lemma alt_binom_sum_central_basis:
  "alt_binom_sum (2*n+1) (n+1) (central_basis k) = (if k \<le> n then alt_square_sum (n-k) else 0)"
proof (induction n arbitrary: k)
  case 0
  then show ?case
    by (cases k) (simp_all add: alt_binom_sum_def alt_square_sum_def central_basis_0
        central_basis_at_0 central_basis_Suc_at_1)
next
  case (Suc n)
  show ?case
  proof (cases k)
    case 0
    then show ?thesis by (simp add: alt_square_sum_def central_basis_0[abs_def])
  next
    case (Suc k')
    have "alt_binom_sum (2*Suc n+1) (Suc n+1) (central_basis (Suc k')) =
        alt_binom_sum (2*n+1+2) (n+2) (central_basis (Suc k') :: 'a \<Rightarrow> 'a)"
      by (simp add: eval_nat_numeral)
    also have "\<dots> = alt_binom_sum (2*n+1) (n+1) (central_basis k')"
      using alt_binom_sum_second_difference[of "central_basis (Suc k')" "2*n+1" n]
      by (simp add: central_basis_at_0 central_basis_Suc_at_minus_1 central_basis_second_difference)
    finally show ?thesis using Suc.IH[of k'] Suc by simp
  qed
qed

lemma sqrt_1p4z_nth_0: "sqrt_1p4z $ 0 = 1"
  by (simp add: sqrt_1p4z_def)

lemma sqrt_1p4z_squared: "sqrt_1p4z ^ 2 = 1 + 4 * fps_X"
  using power_radical[of "1 + 4 * fps_X :: rat fps" "\<lambda>_ _. 1" 1]
  by (simp add: sqrt_1p4z_def numeral_2_eq_2)

lemma sqrt_1p4z_deriv: "(1 + 4 * fps_X) * fps_deriv sqrt_1p4z = 2 * sqrt_1p4z"
proof -
  let ?R = sqrt_1p4z
  have "fps_deriv (?R ^ 2) = fps_deriv (1 + 4 * fps_X :: rat fps)"
    by (simp only: sqrt_1p4z_squared)
  then have deriv: "2 * fps_deriv ?R * ?R = 4"
    by (simp add: fps_deriv_power')
  have "2 * ((1 + 4 * fps_X) * fps_deriv ?R) = 2 * (?R^2 * fps_deriv ?R)"
    by (simp only: sqrt_1p4z_squared)
  also have "\<dots> = ?R * (2 * fps_deriv ?R * ?R)"
    by (simp add: power2_eq_square algebra_simps)
  also have "\<dots> = 2 * (2 * ?R)"
    unfolding deriv by simp
  finally show ?thesis by (subst (asm) mult_left_cancel) simp_all
qed

lemma sqrt_1p4z_nth_rec:
  "of_nat (n+1) * sqrt_1p4z $ (n+1) = (2 - 4 * of_nat n) * sqrt_1p4z $ n"
proof -
  have "((1 + 4 * fps_X) * fps_deriv sqrt_1p4z) $ n = (2 * sqrt_1p4z) $ n"
    by (simp only: sqrt_1p4z_deriv)
  then show ?thesis
    by (cases n) (simp_all add: algebra_simps fps_deriv_nth numeral_fps_const)
qed

lemma sqrt_1p4z_nth_Suc:
  "of_nat (m+1) * sqrt_1p4z $ Suc m = 2 * (-1)^m * of_nat (2*m choose m)"
proof (induction m)
  case 0
  then show ?case using sqrt_1p4z_nth_rec[of 0] by (simp add: sqrt_1p4z_nth_0)
next
  case (Suc m)
  define X where "X = (of_nat ((2*m+2) choose (m+1)) :: rat)"
  have "of_nat (m+2) * sqrt_1p4z $ Suc (Suc m) = (2 - 4 * of_nat (m+1)) * sqrt_1p4z $ Suc m"
    using sqrt_1p4z_nth_rec[of "Suc m"] by (simp add: add.commute)
  then have "of_nat (m+1) * (of_nat (m+2) * sqrt_1p4z $ Suc (Suc m)) =
      (2 - 4 * of_nat (m+1)) * (of_nat (m+1) * sqrt_1p4z $ Suc m)"
    by (simp only: mult.left_commute)
  also have "\<dots> = - 2 * (-1)^m * of_nat (2 * (2*m+1) * (2*m choose m))"
    unfolding Suc.IH by (simp add: algebra_simps)
  also have "\<dots> = of_nat (m+1) * (2 * (-1)^Suc m * X)"
  proof -
    have "of_nat (2 * (2*m+1) * (2*m choose m)) = of_nat (m+1) * X"
      unfolding X_def Suc_times_central_binomial_Suc[symmetric] of_nat_mult ..
    then show ?thesis by simp
  qed
  finally have "of_nat (m+1) * (of_nat (m+2) * sqrt_1p4z $ Suc (Suc m)) =
      of_nat (m+1) * (2 * (-1)^Suc m * X)" .
  then show ?case
    unfolding X_def by (subst (asm) mult_left_cancel) (simp_all add: add.commute)
qed

lemma half_one_plus_sqrt_1p4z: "fps_const (1/2) * (1 + sqrt_1p4z) = Abs_fps alt_square_sum"
proof (rule fps_ext)
  fix n
  show "(fps_const (1/2) * (1 + sqrt_1p4z)) $ n = Abs_fps alt_square_sum $ n"
  proof (cases n)
    case 0
    then show ?thesis by (simp add: sqrt_1p4z_nth_0 alt_square_sum_0)
  next
    case (Suc m)
    have "of_nat (m+1) * (sqrt_1p4z $ Suc m / 2) = of_nat (m+1) * alt_square_sum (Suc m)"
      using sqrt_1p4z_nth_Suc[of m] alt_square_sum_Suc[of m, where 'a=rat] by simp
    then show ?thesis using Suc by simp
  qed
qed

fun central_coeff :: "nat \<Rightarrow> nat \<Rightarrow> int" where
  "central_coeff 0 k = (if k = 0 then 1 else 0)"
| "central_coeff (Suc s) k = int ((k+1)^2) * central_coeff s k
     + (if k = 0 then 0 else int (2*(k+1)*(2*k+1)) * central_coeff s (k-1))"

lemma central_coeff_eq_0: "s < k \<Longrightarrow> central_coeff s k = 0"
  by (induction s arbitrary: k) auto

lemma central_coeff_0_right: "central_coeff s 0 = 1"
  by (induction s) auto

lemma three_dvd_central_coeff: "k \<ge> 1 \<Longrightarrow> (3::int) dvd central_coeff s k"
proof (induction s arbitrary: k)
  case 0
  then show ?case by simp
next
  case (Suc s)
  have "3 dvd int (2*(k+1)*(2*k+1)) * central_coeff s (k-1)"
  proof (cases "k = 1")
    case True
    then show ?thesis by simp
  next
    case False
    then show ?thesis using Suc by simp
  qed
  then show ?case using Suc by simp
qed

lemma even_power_eq_sum_central_basis:
  "x^(2*(s+1)) = (\<Sum>k\<le>s. of_int (central_coeff s k) * central_basis k x)"
proof (induction s)
  case 0
  then show ?case by (simp add: central_basis_0)
next
  case (Suc s)
  let ?a = "\<lambda>k. int ((k+1)^2) * central_coeff s k"
  let ?b = "\<lambda>k. if k = 0 then 0 else int (2*(k+1)*(2*k+1)) * central_coeff s (k-1)"
  have "x^(2*(Suc s+1)) = x^2 * x^(2*(s+1))"
    by (simp add: power_add[symmetric])
  also have "\<dots> = (\<Sum>k\<le>s. of_int (central_coeff s k) * (x^2 * central_basis k x))"
    unfolding Suc sum_distrib_left by (simp add: algebra_simps)
  also have "\<dots> = (\<Sum>k\<le>s. of_int (?a k) * central_basis k x)
      + (\<Sum>k\<le>s. of_int (central_coeff s k) * of_nat (2*(k+2)*(2*k+3)) * central_basis (Suc k) x)"
    unfolding square_times_central_basis by (simp add: algebra_simps sum.distrib)
  also have "(\<Sum>k\<le>s. of_int (?a k) * central_basis k x) =
      (\<Sum>k\<le>Suc s. of_int (?a k) * central_basis k x)"
    by (simp add: central_coeff_eq_0)
  also have "(\<Sum>k\<le>s. of_int (central_coeff s k) * of_nat (2*(k+2)*(2*k+3)) * central_basis (Suc k) x)
      = (\<Sum>k\<le>Suc s. of_int (?b k) * central_basis k x)"
    by (subst sum.atMost_Suc_shift) (simp add: algebra_simps)
  finally show ?case
    by (simp add: sum.distrib[symmetric] algebra_simps)
qed

lemma alt_binom_sum_even_power:
  "alt_binom_sum (2*n+1) (n+1) (\<lambda>x::'a::field_char_0. x^(2*(s+1))) =
     (\<Sum>k=0..n. of_int (central_coeff s k) * alt_square_sum (n-k))"
proof -
  have "alt_binom_sum (2*n+1) (n+1) (\<lambda>x::'a. x^(2*(s+1))) =
      (\<Sum>k\<le>s. of_int (central_coeff s k) * (if k \<le> n then alt_square_sum (n-k) else 0))"
    unfolding even_power_eq_sum_central_basis alt_binom_sum_sum[OF finite_atMost]
      alt_binom_sum_central_basis ..
  also have "\<dots> = (\<Sum>k\<le>n+s. of_int (central_coeff s k) * (if k \<le> n then alt_square_sum (n-k) else 0))"
    by (rule sum.mono_neutral_left) (auto simp: central_coeff_eq_0)
  also have "\<dots> = (\<Sum>k=0..n. of_int (central_coeff s k) * alt_square_sum (n-k))"
    by (rule sum.mono_neutral_cong_right) auto
  finally show ?thesis .
qed

lemma fps_alternating_even_power_sum:
  "Abs_fps (\<lambda>n. of_int (\<Sum>j=0..n+1. (-1) ^ (n + 1 - j) * int ((2*n+1) choose (n+1-j)) * int j ^ (2*(s+1)))
     :: 'a::field_char_0) =
   Abs_fps (\<lambda>k. of_int (central_coeff s k)) * Abs_fps alt_square_sum"
  by (rule fps_ext)
    (simp only: fps_nth_Abs_fps fps_mult_nth alt_binom_sum_eq_int_sum[symmetric] alt_binom_sum_even_power)

definition central_coeff_poly :: "nat \<Rightarrow> int poly" where
  "central_coeff_poly s = (\<Sum>k\<le>s. monom (central_coeff s k) k)"

lemma coeff_central_coeff_poly: "coeff (central_coeff_poly s) i = central_coeff s i"
  by (cases "i \<le> s") (auto simp: central_coeff_poly_def coeff_sum coeff_monom central_coeff_eq_0)

theorem proposition18p3:
  fixes s :: nat
  assumes "s \<ge> 1"
  shows "\<exists>p :: int poly.
     (\<forall>i. (3::int) dvd coeff p i) \<and> poly p 0 = 0 \<and>
     Abs_fps (\<lambda>n. of_int (\<Sum>j=0..n+1. (-1) ^ (n + 1 - j) * int ((2*n+1) choose (n+1-j)) * int j ^ (2*s)))
       = fps_const (1/2) * (1 + sqrt_1p4z) * (1 + fps_of_poly (map_poly of_int p) :: rat fps)"
proof -
  obtain t where t: "s = t + 1" using assms by (metis add.commute le_Suc_ex)
  define p where "p = central_coeff_poly t - 1"
  have coeff_p: "coeff p i = central_coeff t i - (if i = 0 then 1 else 0)" for i
    by (simp add: p_def coeff_central_coeff_poly)
  have "Abs_fps (\<lambda>n. of_int (\<Sum>j=0..n+1. (-1) ^ (n + 1 - j) * int ((2*n+1) choose (n+1-j)) * int j ^ (2*s)))
      = Abs_fps (\<lambda>k. of_int (central_coeff t k)) * (fps_const (1/2) * (1 + sqrt_1p4z))"
    unfolding t fps_alternating_even_power_sum half_one_plus_sqrt_1p4z ..
  also have "Abs_fps (\<lambda>k. of_int (central_coeff t k)) = 1 + fps_of_poly (map_poly of_int p)"
    by (rule fps_ext) (simp add: coeff_map_poly coeff_p)
  finally have "Abs_fps (\<lambda>n. of_int (\<Sum>j=0..n+1. (-1) ^ (n + 1 - j) * int ((2*n+1) choose (n+1-j))
      * int j ^ (2*s))) = fps_const (1/2) * (1 + sqrt_1p4z) * (1 + fps_of_poly (map_poly of_int p))"
    by (simp only: mult.commute)
  moreover have "\<forall>i. (3::int) dvd coeff p i"
    by (simp add: coeff_p central_coeff_0_right three_dvd_central_coeff)
  moreover have "poly p 0 = 0"
    by (simp add: poly_0_coeff_0 coeff_p central_coeff_0_right)
  ultimately show ?thesis by blast
qed

end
=====
Problem to work on: Wherever the string "auto" appears in the entries, copy that line.

Exercise solution:
  by (induction s arbitrary: k) auto
  by (induction s) auto
    by (rule sum.mono_neutral_left) (auto simp: central_coeff_eq_0)
    by (rule sum.mono_neutral_cong_right) auto
  by (cases "i \<le> s") (auto simp: central_coeff_poly_def coeff_sum coeff_monom central_coeff_eq_0)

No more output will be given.